MATERIAL FOR THIS EXERCISE:
━━━━━━━━━━━━━━━━━━━━━━━━━━━━━━
(* Let $\sigma>0$, $\eta>0$, $\hat\alpha>0$, $h>0$, $r\ge0$, $a\in\mathbb{R}$, and for $\beta\ge0$ let $v_\beta$ denote the unique $C^1[0,\infty)$ solution of $\frac{\sigma^2}2v'(y)=\beta+\frac{\hat\alpha}4v(y)^2+\eta y(v(y)-\frac h\eta)-av(y)$, $y\ge0$, $v(0)=-r$. Let $\underline\beta_2=-ar-\frac{\hat\alpha r^2}4$. Then: (i) if $a>-\frac{\hat\alpha}4r$ and $\beta\ge0$, then $\beta\in\mathcal D_1$ if and only if there exists $x_0\in(0,\infty)$ with $v_\beta'(x_0)<0$; (ii) if $a\le-\frac{\hat\alpha}4r$ and $\beta>\underline\beta_2$, then $\beta\in\mathcal D_2$ if and only if there exists $x_0\in(0,\infty)$ with $v_\beta'(x_0)<0$.
   Context: $\mathcal D_1=\{\beta\ge0:\exists x_\beta\ge0$ such that $v_\beta$ is nondecreasing on $(0,x_\beta)$ and decreasing on $(x_\beta,\infty)\}$ and $\mathcal D_2=\{\beta>\underline\beta_2:\exists x_\beta\ge0$ such that $v_\beta$ is nondecreasing on $(0,x_\beta)$ and decreasing on $(x_\beta,\infty)\}$. *)

theory Defs
  imports "HOL-Analysis.Analysis"
begin

definition is_vsol :: "real \<Rightarrow> real \<Rightarrow> real \<Rightarrow> real \<Rightarrow> real \<Rightarrow> real \<Rightarrow> real \<Rightarrow> (real \<Rightarrow> real) \<Rightarrow> bool" where
  "is_vsol \<sigma> \<eta> \<alpha> h r a \<beta> v \<longleftrightarrow>
     v 0 = - r \<and>
     (\<forall>y\<ge>0. (v has_real_derivative
        ((2 / \<sigma>\<^sup>2) * (\<beta> + (\<alpha> / 4) * (v y)\<^sup>2 + \<eta> * y * (v y - h / \<eta>) - a * v y)))
        (at y within {0..}))"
━━━━━━━━━━━━━━━━━━━━━━━━━━━━━━
WORK ITEM: In the entries above, identify every line with the word "sigma". Copy those lines.

SOLVED PROBLEM:
(* Let $\sigma>0$, $\eta>0$, $\hat\alpha>0$, $h>0$, $r\ge0$, $a\in\mathbb{R}$, and for $\beta\ge0$ let $v_\beta$ denote the unique $C^1[0,\infty)$ solution of $\frac{\sigma^2}2v'(y)=\beta+\frac{\hat\alpha}4v(y)^2+\eta y(v(y)-\frac h\eta)-av(y)$, $y\ge0$, $v(0)=-r$. Let $\underline\beta_2=-ar-\frac{\hat\alpha r^2}4$. Then: (i) if $a>-\frac{\hat\alpha}4r$ and $\beta\ge0$, then $\beta\in\mathcal D_1$ if and only if there exists $x_0\in(0,\infty)$ with $v_\beta'(x_0)<0$; (ii) if $a\le-\frac{\hat\alpha}4r$ and $\beta>\underline\beta_2$, then $\beta\in\mathcal D_2$ if and only if there exists $x_0\in(0,\infty)$ with $v_\beta'(x_0)<0$.
  "is_vsol \<sigma> \<eta> \<alpha> h r a \<beta> v \<longleftrightarrow>
        ((2 / \<sigma>\<^sup>2) * (\<beta> + (\<alpha> / 4) * (v y)\<^sup>2 + \<eta> * y * (v y - h / \<eta>) - a * v y)))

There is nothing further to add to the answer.